• **What the task asks**: Please count the lines with the word "blast" in the material below, then state the number by itself.

• **Dataset content**:
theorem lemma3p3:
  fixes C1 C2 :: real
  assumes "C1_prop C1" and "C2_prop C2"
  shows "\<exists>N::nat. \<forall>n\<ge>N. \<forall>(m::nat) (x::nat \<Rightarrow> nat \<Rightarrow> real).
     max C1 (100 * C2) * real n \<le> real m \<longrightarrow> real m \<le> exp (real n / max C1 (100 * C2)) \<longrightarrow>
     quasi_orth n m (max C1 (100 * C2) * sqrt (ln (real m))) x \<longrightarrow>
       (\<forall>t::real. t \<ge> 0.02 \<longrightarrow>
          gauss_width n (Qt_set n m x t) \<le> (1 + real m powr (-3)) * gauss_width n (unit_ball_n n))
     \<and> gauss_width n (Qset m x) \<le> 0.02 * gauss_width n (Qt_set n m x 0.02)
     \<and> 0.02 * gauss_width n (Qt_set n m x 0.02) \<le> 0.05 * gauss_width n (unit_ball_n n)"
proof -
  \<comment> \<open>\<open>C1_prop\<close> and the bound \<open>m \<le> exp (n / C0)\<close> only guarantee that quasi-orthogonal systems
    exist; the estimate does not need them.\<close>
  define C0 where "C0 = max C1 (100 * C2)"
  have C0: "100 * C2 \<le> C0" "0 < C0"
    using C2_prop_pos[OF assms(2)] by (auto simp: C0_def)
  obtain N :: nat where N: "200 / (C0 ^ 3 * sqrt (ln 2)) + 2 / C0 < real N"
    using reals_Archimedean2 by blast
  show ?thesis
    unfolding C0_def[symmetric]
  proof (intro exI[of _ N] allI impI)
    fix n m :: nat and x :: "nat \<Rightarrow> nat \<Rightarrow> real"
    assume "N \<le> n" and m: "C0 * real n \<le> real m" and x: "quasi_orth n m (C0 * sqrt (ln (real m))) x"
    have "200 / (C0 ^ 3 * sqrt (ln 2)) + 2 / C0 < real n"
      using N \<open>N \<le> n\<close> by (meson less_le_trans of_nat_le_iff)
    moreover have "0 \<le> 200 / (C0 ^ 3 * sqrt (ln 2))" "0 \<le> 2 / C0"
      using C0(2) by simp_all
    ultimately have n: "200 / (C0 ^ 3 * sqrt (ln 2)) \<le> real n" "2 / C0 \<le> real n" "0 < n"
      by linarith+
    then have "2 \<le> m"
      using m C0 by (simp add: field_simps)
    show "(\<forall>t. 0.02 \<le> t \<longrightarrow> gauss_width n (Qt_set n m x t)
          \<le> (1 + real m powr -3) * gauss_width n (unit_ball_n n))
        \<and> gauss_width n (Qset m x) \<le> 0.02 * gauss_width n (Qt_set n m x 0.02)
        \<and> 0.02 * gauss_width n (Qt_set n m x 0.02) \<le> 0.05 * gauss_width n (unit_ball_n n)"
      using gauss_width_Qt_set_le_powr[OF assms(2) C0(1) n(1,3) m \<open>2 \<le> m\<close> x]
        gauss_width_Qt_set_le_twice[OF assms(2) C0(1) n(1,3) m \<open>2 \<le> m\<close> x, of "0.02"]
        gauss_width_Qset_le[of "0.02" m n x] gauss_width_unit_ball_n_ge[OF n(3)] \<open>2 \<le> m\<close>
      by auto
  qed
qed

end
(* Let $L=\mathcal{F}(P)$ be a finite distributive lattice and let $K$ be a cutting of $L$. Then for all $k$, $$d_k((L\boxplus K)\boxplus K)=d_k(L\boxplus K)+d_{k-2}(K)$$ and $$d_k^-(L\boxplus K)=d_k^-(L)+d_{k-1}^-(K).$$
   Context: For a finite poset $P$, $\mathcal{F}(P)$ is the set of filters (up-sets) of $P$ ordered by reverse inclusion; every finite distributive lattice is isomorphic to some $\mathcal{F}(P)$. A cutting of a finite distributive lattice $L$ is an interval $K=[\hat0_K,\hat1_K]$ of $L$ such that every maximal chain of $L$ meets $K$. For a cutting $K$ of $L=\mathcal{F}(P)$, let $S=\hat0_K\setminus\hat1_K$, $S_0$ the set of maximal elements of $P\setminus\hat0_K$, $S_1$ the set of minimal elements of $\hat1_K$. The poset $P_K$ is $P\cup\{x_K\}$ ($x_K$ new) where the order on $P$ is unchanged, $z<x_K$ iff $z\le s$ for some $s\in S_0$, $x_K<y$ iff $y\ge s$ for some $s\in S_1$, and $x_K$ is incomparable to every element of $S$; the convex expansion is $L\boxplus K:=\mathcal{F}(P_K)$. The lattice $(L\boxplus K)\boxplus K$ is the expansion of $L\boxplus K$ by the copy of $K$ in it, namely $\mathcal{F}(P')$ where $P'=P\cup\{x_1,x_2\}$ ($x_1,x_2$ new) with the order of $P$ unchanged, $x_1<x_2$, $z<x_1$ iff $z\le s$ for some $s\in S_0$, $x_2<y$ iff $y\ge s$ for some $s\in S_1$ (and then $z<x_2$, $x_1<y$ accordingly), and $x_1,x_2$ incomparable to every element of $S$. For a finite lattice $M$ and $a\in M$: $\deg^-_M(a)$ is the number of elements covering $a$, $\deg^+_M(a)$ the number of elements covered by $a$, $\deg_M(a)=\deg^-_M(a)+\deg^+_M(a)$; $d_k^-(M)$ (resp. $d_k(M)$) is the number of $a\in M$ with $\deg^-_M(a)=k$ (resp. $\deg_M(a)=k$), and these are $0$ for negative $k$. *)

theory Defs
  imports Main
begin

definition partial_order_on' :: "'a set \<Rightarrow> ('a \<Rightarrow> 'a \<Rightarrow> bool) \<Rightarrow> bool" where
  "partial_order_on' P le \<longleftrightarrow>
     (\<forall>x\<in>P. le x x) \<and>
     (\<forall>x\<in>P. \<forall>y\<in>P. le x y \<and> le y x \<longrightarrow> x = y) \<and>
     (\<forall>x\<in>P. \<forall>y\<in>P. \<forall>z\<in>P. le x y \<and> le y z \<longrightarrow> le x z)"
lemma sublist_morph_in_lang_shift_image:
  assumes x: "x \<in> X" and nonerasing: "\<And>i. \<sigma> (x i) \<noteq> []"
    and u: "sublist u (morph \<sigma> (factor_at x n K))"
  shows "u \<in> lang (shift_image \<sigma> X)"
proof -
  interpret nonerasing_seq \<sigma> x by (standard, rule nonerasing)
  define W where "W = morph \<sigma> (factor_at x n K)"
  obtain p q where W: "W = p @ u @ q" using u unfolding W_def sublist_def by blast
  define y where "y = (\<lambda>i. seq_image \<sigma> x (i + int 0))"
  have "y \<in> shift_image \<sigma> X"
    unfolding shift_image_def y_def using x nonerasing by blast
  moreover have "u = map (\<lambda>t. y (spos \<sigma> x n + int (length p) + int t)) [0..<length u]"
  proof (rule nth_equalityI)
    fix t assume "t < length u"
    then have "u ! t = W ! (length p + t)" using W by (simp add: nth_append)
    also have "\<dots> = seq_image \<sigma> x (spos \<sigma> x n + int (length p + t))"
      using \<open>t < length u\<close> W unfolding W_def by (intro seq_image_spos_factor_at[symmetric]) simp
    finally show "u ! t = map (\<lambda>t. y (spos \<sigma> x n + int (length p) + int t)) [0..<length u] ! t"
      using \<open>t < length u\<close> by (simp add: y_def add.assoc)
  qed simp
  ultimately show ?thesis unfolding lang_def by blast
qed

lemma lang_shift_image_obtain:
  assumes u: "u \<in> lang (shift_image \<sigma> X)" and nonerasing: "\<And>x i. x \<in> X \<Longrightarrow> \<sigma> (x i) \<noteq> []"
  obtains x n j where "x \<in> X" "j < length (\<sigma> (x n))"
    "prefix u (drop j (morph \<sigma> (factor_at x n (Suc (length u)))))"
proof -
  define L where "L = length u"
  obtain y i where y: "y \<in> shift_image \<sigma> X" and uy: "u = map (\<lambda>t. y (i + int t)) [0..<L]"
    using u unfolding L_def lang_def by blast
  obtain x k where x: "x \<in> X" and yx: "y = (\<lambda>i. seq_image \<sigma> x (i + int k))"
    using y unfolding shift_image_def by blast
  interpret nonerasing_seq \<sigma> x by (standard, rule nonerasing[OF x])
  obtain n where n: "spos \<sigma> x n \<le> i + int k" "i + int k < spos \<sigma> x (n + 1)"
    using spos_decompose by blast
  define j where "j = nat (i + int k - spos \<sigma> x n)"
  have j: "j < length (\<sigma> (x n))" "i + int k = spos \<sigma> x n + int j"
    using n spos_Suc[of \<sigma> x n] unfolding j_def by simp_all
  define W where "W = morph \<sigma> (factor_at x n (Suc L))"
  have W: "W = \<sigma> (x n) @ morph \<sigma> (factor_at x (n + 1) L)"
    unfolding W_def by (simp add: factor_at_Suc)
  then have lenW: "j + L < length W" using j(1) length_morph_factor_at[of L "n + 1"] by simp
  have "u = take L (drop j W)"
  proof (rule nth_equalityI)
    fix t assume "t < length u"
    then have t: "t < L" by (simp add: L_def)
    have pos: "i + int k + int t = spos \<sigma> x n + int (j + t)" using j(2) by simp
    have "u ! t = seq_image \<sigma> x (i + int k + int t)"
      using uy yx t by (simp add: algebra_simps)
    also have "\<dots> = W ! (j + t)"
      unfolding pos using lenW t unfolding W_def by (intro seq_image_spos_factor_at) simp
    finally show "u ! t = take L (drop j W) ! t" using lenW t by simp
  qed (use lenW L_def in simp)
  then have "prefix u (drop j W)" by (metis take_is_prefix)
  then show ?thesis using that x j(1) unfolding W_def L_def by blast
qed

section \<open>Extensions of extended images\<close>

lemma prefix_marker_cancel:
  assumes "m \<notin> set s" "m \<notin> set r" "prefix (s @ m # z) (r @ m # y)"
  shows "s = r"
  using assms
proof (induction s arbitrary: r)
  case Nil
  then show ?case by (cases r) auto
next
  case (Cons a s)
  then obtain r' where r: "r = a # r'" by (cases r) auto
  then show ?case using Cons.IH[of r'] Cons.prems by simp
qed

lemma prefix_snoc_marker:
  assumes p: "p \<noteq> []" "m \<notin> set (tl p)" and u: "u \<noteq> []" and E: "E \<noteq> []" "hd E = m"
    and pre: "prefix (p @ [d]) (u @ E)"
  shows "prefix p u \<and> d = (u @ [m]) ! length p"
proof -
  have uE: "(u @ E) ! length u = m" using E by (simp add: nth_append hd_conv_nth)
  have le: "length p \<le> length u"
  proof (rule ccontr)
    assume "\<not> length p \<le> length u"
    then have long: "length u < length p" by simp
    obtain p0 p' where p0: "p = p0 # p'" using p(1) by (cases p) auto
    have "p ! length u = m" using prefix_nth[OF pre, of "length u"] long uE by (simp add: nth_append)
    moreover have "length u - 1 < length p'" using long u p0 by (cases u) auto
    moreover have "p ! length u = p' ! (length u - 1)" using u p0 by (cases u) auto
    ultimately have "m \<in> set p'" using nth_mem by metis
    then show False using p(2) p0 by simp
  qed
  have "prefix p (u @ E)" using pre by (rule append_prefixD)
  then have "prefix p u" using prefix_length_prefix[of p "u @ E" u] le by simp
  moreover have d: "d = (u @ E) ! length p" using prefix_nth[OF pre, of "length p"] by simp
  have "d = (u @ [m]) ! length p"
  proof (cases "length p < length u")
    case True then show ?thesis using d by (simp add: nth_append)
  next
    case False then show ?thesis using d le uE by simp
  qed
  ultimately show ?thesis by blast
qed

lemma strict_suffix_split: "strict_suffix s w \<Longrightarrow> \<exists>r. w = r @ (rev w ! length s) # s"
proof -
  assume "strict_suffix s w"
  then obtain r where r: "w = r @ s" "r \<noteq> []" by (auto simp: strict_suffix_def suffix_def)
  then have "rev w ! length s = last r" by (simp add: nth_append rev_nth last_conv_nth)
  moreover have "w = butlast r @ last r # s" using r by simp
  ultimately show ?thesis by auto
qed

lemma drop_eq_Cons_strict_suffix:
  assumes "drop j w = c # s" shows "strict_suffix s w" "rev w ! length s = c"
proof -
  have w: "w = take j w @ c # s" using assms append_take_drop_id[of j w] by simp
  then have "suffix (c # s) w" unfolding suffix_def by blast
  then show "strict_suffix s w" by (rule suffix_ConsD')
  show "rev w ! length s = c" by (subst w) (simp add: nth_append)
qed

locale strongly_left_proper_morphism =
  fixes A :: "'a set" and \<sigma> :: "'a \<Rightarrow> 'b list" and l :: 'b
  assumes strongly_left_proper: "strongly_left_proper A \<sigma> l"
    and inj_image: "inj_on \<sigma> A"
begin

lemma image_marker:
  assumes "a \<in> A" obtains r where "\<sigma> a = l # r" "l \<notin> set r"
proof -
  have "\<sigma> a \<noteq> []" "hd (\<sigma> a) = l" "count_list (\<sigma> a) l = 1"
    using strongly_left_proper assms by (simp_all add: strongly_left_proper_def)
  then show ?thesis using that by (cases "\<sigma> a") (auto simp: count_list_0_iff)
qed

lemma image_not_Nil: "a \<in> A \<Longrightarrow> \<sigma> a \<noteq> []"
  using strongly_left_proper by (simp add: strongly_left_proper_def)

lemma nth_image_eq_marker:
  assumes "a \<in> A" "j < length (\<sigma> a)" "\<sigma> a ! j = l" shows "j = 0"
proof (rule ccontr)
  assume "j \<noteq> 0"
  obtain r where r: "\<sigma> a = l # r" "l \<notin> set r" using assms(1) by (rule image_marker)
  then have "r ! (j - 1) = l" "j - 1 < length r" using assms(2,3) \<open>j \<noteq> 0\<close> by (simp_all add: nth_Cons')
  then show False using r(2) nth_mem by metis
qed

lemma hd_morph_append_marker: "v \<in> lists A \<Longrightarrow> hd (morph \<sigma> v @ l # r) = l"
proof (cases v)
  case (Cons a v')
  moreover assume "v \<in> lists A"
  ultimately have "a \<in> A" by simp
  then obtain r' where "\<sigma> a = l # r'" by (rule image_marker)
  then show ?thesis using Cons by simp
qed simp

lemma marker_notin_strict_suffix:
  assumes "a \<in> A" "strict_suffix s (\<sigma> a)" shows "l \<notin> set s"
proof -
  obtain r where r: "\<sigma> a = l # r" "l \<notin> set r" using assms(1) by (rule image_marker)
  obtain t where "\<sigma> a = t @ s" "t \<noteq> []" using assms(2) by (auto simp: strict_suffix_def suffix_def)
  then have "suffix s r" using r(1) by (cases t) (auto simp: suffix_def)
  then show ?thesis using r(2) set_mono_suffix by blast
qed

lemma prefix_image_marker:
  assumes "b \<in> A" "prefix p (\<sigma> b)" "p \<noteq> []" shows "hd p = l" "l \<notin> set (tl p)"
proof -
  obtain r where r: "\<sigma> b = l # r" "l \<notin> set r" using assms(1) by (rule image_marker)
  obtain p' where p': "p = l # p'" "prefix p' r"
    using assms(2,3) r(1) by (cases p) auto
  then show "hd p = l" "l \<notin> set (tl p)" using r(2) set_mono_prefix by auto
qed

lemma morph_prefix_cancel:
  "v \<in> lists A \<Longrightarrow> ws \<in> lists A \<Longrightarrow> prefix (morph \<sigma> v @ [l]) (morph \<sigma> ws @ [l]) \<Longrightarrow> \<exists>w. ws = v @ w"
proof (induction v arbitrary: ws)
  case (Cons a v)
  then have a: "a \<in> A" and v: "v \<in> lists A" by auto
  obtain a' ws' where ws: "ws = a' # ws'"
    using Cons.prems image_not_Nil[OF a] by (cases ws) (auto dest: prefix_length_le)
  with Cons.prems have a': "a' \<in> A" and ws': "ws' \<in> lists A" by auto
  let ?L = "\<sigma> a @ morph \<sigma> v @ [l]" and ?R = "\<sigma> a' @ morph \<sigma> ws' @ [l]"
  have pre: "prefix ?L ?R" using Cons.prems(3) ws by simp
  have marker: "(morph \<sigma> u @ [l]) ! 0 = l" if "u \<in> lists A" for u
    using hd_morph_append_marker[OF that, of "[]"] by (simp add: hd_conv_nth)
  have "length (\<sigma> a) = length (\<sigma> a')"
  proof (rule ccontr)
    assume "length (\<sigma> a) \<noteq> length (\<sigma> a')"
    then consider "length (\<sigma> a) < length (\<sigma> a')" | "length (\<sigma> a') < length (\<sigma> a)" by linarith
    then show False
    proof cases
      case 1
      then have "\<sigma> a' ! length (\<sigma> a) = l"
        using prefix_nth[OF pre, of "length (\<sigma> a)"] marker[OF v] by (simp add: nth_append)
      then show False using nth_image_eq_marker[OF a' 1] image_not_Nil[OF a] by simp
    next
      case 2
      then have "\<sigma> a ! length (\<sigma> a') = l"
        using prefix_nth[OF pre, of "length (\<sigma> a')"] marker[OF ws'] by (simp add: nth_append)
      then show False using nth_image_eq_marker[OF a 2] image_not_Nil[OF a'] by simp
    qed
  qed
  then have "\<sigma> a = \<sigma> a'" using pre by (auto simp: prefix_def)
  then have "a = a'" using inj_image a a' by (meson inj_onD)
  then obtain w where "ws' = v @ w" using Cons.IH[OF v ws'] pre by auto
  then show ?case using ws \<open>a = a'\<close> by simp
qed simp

• **Task solution**: 11